### PROBLEM REQUIREMENTS
Return the full set of entries exactly. Omit none.

-*-*-

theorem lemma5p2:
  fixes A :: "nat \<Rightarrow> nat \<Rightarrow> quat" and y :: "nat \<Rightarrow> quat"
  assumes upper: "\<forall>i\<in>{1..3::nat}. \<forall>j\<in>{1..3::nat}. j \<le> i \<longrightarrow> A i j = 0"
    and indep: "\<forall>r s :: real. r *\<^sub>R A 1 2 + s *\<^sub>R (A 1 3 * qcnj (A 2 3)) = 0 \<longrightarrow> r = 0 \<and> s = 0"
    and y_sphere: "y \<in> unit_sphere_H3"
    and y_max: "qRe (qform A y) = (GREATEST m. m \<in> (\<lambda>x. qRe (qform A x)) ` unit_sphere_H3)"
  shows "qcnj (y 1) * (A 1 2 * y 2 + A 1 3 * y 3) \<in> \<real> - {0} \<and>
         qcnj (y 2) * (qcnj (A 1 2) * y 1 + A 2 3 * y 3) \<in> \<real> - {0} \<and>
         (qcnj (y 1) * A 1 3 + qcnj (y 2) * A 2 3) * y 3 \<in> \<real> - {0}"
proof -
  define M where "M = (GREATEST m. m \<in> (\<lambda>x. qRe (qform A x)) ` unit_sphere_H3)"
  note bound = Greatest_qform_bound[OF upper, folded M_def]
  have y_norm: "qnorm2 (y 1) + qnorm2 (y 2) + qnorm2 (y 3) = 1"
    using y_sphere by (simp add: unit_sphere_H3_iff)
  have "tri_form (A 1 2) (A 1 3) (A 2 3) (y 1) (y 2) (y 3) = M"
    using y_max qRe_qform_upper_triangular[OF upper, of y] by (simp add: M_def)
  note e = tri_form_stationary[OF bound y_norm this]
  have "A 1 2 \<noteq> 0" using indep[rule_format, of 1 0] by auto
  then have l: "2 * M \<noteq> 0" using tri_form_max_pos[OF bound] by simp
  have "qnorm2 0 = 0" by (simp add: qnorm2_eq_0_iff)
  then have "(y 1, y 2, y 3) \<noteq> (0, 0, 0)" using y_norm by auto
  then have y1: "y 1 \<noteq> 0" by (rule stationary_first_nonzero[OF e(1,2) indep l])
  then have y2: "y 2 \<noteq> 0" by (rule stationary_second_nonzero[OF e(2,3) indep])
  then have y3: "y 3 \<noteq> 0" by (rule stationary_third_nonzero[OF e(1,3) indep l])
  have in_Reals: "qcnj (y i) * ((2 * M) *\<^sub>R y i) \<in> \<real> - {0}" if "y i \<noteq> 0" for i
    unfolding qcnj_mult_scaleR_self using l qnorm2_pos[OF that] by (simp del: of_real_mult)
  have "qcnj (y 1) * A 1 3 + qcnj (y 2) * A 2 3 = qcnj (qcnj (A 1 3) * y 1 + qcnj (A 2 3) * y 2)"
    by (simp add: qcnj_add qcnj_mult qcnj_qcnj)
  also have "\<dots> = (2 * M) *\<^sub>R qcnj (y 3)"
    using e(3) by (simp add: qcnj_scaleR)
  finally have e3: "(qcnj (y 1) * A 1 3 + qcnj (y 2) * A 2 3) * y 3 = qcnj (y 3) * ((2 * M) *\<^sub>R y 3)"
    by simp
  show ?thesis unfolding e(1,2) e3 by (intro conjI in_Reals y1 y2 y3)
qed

-*-*-

### WRITTEN ANSWER
theorem lemma5p2:
  fixes A :: "nat \<Rightarrow> nat \<Rightarrow> quat" and y :: "nat \<Rightarrow> quat"
  assumes upper: "\<forall>i\<in>{1..3::nat}. \<forall>j\<in>{1..3::nat}. j \<le> i \<longrightarrow> A i j = 0"
    and indep: "\<forall>r s :: real. r *\<^sub>R A 1 2 + s *\<^sub>R (A 1 3 * qcnj (A 2 3)) = 0 \<longrightarrow> r = 0 \<and> s = 0"
    and y_sphere: "y \<in> unit_sphere_H3"
    and y_max: "qRe (qform A y) = (GREATEST m. m \<in> (\<lambda>x. qRe (qform A x)) ` unit_sphere_H3)"
  shows "qcnj (y 1) * (A 1 2 * y 2 + A 1 3 * y 3) \<in> \<real> - {0} \<and>
         qcnj (y 2) * (qcnj (A 1 2) * y 1 + A 2 3 * y 3) \<in> \<real> - {0} \<and>
         (qcnj (y 1) * A 1 3 + qcnj (y 2) * A 2 3) * y 3 \<in> \<real> - {0}"
proof -
  define M where "M = (GREATEST m. m \<in> (\<lambda>x. qRe (qform A x)) ` unit_sphere_H3)"
  note bound = Greatest_qform_bound[OF upper, folded M_def]
  have y_norm: "qnorm2 (y 1) + qnorm2 (y 2) + qnorm2 (y 3) = 1"
    using y_sphere by (simp add: unit_sphere_H3_iff)
  have "tri_form (A 1 2) (A 1 3) (A 2 3) (y 1) (y 2) (y 3) = M"
    using y_max qRe_qform_upper_triangular[OF upper, of y] by (simp add: M_def)
  note e = tri_form_stationary[OF bound y_norm this]
  have "A 1 2 \<noteq> 0" using indep[rule_format, of 1 0] by auto
  then have l: "2 * M \<noteq> 0" using tri_form_max_pos[OF bound] by simp
  have "qnorm2 0 = 0" by (simp add: qnorm2_eq_0_iff)
  then have "(y 1, y 2, y 3) \<noteq> (0, 0, 0)" using y_norm by auto
  then have y1: "y 1 \<noteq> 0" by (rule stationary_first_nonzero[OF e(1,2) indep l])
  then have y2: "y 2 \<noteq> 0" by (rule stationary_second_nonzero[OF e(2,3) indep])
  then have y3: "y 3 \<noteq> 0" by (rule stationary_third_nonzero[OF e(1,3) indep l])
  have in_Reals: "qcnj (y i) * ((2 * M) *\<^sub>R y i) \<in> \<real> - {0}" if "y i \<noteq> 0" for i
    unfolding qcnj_mult_scaleR_self using l qnorm2_pos[OF that] by (simp del: of_real_mult)
  have "qcnj (y 1) * A 1 3 + qcnj (y 2) * A 2 3 = qcnj (qcnj (A 1 3) * y 1 + qcnj (A 2 3) * y 2)"
    by (simp add: qcnj_add qcnj_mult qcnj_qcnj)
  also have "\<dots> = (2 * M) *\<^sub>R qcnj (y 3)"
    using e(3) by (simp add: qcnj_scaleR)
  finally have e3: "(qcnj (y 1) * A 1 3 + qcnj (y 2) * A 2 3) * y 3 = qcnj (y 3) * ((2 * M) *\<^sub>R y 3)"
    by simp
  show ?thesis unfolding e(1,2) e3 by (intro conjI in_Reals y1 y2 y3)
qed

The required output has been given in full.